### Task
Return a copy of each line in the listing that includes the word "subset".

### Task material
(* Let $G$ be a simple graph with $m \ge 4$ edges, and let $\Delta_1 \ge \dots \ge \Delta_m$ and $\psi_1,\dots,\psi_m$ be as defined below. Then for no $k$ with $4 \le k \le m$ does $G$ satisfy both $q(G) < \min\{\psi_i : 1 \le i \le k-1\}$ and $q(G) = \psi_k$.
   Context: $q(G)$ denotes the largest eigenvalue of the signless Laplacian $D + A$ of $G$. For each edge $uv$ of $G$ put $d_u + d_v - 2$, and let $\Delta_1 \ge \dots \ge \Delta_m$ be these numbers in non-increasing order. For $1 \le k \le m$, \[ \psi_k := 1 + \frac{\Delta_k + 1 + \sqrt{(\Delta_k+1)^2 + 4\sum_{i=1}^{k-1}(\Delta_i - \Delta_k)}}{2}. \] It holds that $q(G) \le \psi_k$ for all $k$, with equality iff $\Delta_1 = \Delta_m$ or there exists $2 \le t \le k$ with $m-1 = \Delta_1 = \Delta_{t-1} > \Delta_t = \Delta_m$. *)

theory Defs
  imports "HOL-Analysis.Analysis" "HOL-Library.Multiset"
begin

definition simple_graph :: "('n::finite \<Rightarrow> 'n \<Rightarrow> bool) \<Rightarrow> bool" where
  "simple_graph E \<longleftrightarrow> (\<forall>u v. E u v \<longrightarrow> E v u) \<and> (\<forall>u. \<not> E u u)"

definition edges :: "('n::finite \<Rightarrow> 'n \<Rightarrow> bool) \<Rightarrow> 'n set set" where
  "edges E = {{u, v} | u v. E u v}"

definition num_edges :: "('n::finite \<Rightarrow> 'n \<Rightarrow> bool) \<Rightarrow> nat" where
  "num_edges E = card (edges E)"

definition degree :: "('n::finite \<Rightarrow> 'n \<Rightarrow> bool) \<Rightarrow> 'n \<Rightarrow> nat" where
  "degree E u = card {v. E u v}"

definition signless_laplacian :: "('n::finite \<Rightarrow> 'n \<Rightarrow> bool) \<Rightarrow> real^'n^'n" where
  "signless_laplacian E = (\<chi> i j. (if i = j then real (degree E i) else 0)
                                  + (if E i j then 1 else 0))"

text \<open>q(G): the largest eigenvalue of the signless Laplacian (a real symmetric matrix,
so all eigenvalues are real).\<close>
definition q_index :: "('n::finite \<Rightarrow> 'n \<Rightarrow> bool) \<Rightarrow> real" where
  "q_index E = Max {c. \<exists>x. x \<noteq> 0 \<and> signless_laplacian E *v x = c *\<^sub>R x}"

definition edge_val :: "('n::finite \<Rightarrow> 'n \<Rightarrow> bool) \<Rightarrow> 'n set \<Rightarrow> int" where
  "edge_val E e = (\<Sum>u\<in>e. int (degree E u)) - 2"

text \<open>The list \<Delta>_1 \<ge> ... \<ge> \<Delta>_m (stored 0-based).\<close>
definition Deltas :: "('n::finite \<Rightarrow> 'n \<Rightarrow> bool) \<Rightarrow> int list" where
  "Deltas E = rev (sorted_list_of_multiset (image_mset (edge_val E) (mset_set (edges E))))"

definition Delta :: "('n::finite \<Rightarrow> 'n \<Rightarrow> bool) \<Rightarrow> nat \<Rightarrow> real" where
  "Delta E i = real_of_int (Deltas E ! (i - 1))"

definition psi :: "('n::finite \<Rightarrow> 'n \<Rightarrow> bool) \<Rightarrow> nat \<Rightarrow> real" where
  "psi E k = 1 + (Delta E k + 1
     + sqrt ((Delta E k + 1)^2 + 4 * (\<Sum>i=1..k-1. Delta E i - Delta E k))) / 2"

end

theory Submission
  imports Defs
begin

text \<open>
  Let x be an eigenvector of Q for q = q(G). Summing x over the ends of each edge gives an
  eigenvector z of the line graph L(G) for \<rho> = q - 2, and the degree of an edge in L(G) is
  \<Delta>(e) = d_u + d_v - 2. If q = psi_k while q < psi_i for i < k, then \<Delta>_(k-1) > \<Delta>_k, and with
  K the first k - 1 edges one builds a positive weight w on the edges (1 outside K, larger on K)
  with A(L(G)) w \<le> \<rho> w. Comparing |z| with a multiple of w at an edge where |z|/w is maximal
  forces equality in a subset of L(G) closed under adjacency, which in turn forces K to be a
  connected component of L(G) that is a clique with all \<Delta>-values k - 2, and \<rho> = k - 2. But then
  psi_1 = \<Delta>_1 + 2 = k = q, contradicting q < psi_1.
\<close>

section \<open>Eigenvectors of symmetric matrices\<close>

lemma symmetric_matrix_inner:
  fixes A :: "real^'n^'n"
  assumes "transpose A = A"
  shows "inner (A *v x) y = inner x (A *v y)"
  by (metis assms dot_lmul_matrix vector_transpose_matrix)

lemma finite_eigenvalues_symmetric:
  fixes A :: "real^'n^'n"
  assumes "transpose A = A"
  shows "finite {c. \<exists>x. x \<noteq> 0 \<and> A *v x = c *\<^sub>R x}"
proof -
  define S where "S = {c. \<exists>x. x \<noteq> 0 \<and> A *v x = c *\<^sub>R x}"
  define v where "v c = (SOME x. x \<noteq> 0 \<and> A *v x = c *\<^sub>R x)" for c
  have v: "v c \<noteq> 0 \<and> A *v v c = c *\<^sub>R v c" if "c \<in> S" for c
    using that unfolding S_def v_def by (metis (mono_tags, lifting) mem_Collect_eq someI_ex)
  have inj: "inj_on v S"
  proof (rule inj_onI)
    fix c d assume "c \<in> S" "d \<in> S" "v c = v d"
    then have "c *\<^sub>R v c = d *\<^sub>R v c" "v c \<noteq> 0" using v by metis+
    then show "c = d" by (simp add: scaleR_cancel_right)
  qed
  have "pairwise orthogonal (v ` S)"
  proof (clarsimp simp: pairwise_def)
    fix c d assume cd: "c \<in> S" "d \<in> S" "v c \<noteq> v d"
    then have "c \<noteq> d" by auto
    have "c * inner (v c) (v d) = inner (A *v v c) (v d)" using v[OF cd(1)] by simp
    also have "\<dots> = inner (v c) (A *v v d)" by (rule symmetric_matrix_inner[OF assms])
    also have "\<dots> = d * inner (v c) (v d)" using v[OF cd(2)] by simp
    finally show "orthogonal (v c) (v d)" using \<open>c \<noteq> d\<close> by (simp add: orthogonal_def)
  qed
  moreover have "0 \<notin> v ` S" using v by auto
  ultimately have "finite (v ` S)"
    using pairwise_orthogonal_independent independent_bound by blast
  then show ?thesis using inj finite_imageD unfolding S_def by blast
qed
(* Let $4\le\beta\le n-2$ and let $\gamma_1,\gamma_2,\gamma_3,\gamma_4$ be positive integers with $\gamma_1+\gamma_2+\gamma_3+\gamma_4=n$ such that $\min(\gamma_i,\gamma_j)\ge 2$ for some $1\le i<j\le 4$. Then $\mathcal T_{(n),(\beta),(\gamma_1,\gamma_2,\gamma_3,\gamma_4)}$ has infinitely many $G$-orbits.
   Context: $\mathbb F$ is an infinite field of characteristic $\ne 2$. Equip $\mathbb F^{2n}$ (canonical basis $e_1,\ldots,e_{2n}$) with the symmetric bilinear form $(e_i,e_j)=\delta_{i,2n+1-j}$, and let $G={\rm O}_{2n}(\mathbb F)$ be its isometry group. A subspace $V$ is isotropic if $(V,V)=\{0\}$. For a sequence ${\bf a}=(\alpha_1,\ldots,\alpha_p)$ of positive integers with $\sum\alpha_j\le n$, $M_{\bf a}$ is the set of flags $V_1\subset\cdots\subset V_p$ in $\mathbb F^{2n}$ with $\dim V_j=\alpha_1+\cdots+\alpha_j$ and $V_p$ isotropic. $\mathcal T_{{\bf a},{\bf b},{\bf c}}=M_{\bf a}\times M_{\bf b}\times M_{\bf c}$ with the diagonal $G$-action. *)

theory Defs
  imports Main
begin

text \<open>Vectors of F^(2n) are functions nat => F supported on {0..<2n}
 (coordinate i corresponds to basis vector e_(i+1)).\<close>

definition vecs :: "nat \<Rightarrow> (nat \<Rightarrow> 'a::field) set" where
  "vecs n = {v. \<forall>i. 2*n \<le> i \<longrightarrow> v i = 0}"

text \<open>(e_i, e_j) = delta_(i, 2n+1-j); in 0-based indices i pairs with 2n-1-i.\<close>
definition bform :: "nat \<Rightarrow> (nat \<Rightarrow> 'a::field) \<Rightarrow> (nat \<Rightarrow> 'a) \<Rightarrow> 'a" where
  "bform n u v = (\<Sum>i<2*n. u i * v (2*n - 1 - i))"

### Task answer
  forces equality in a subset of L(G) closed under adjacency, which in turn forces K to be a
   Context: $\mathbb F$ is an infinite field of characteristic $\ne 2$. Equip $\mathbb F^{2n}$ (canonical basis $e_1,\ldots,e_{2n}$) with the symmetric bilinear form $(e_i,e_j)=\delta_{i,2n+1-j}$, and let $G={\rm O}_{2n}(\mathbb F)$ be its isometry group. A subspace $V$ is isotropic if $(V,V)=\{0\}$. For a sequence ${\bf a}=(\alpha_1,\ldots,\alpha_p)$ of positive integers with $\sum\alpha_j\le n$, $M_{\bf a}$ is the set of flags $V_1\subset\cdots\subset V_p$ in $\mathbb F^{2n}$ with $\dim V_j=\alpha_1+\cdots+\alpha_j$ and $V_p$ isotropic. $\mathcal T_{{\bf a},{\bf b},{\bf c}}=M_{\bf a}\times M_{\bf b}\times M_{\bf c}$ with the diagonal $G$-action. *)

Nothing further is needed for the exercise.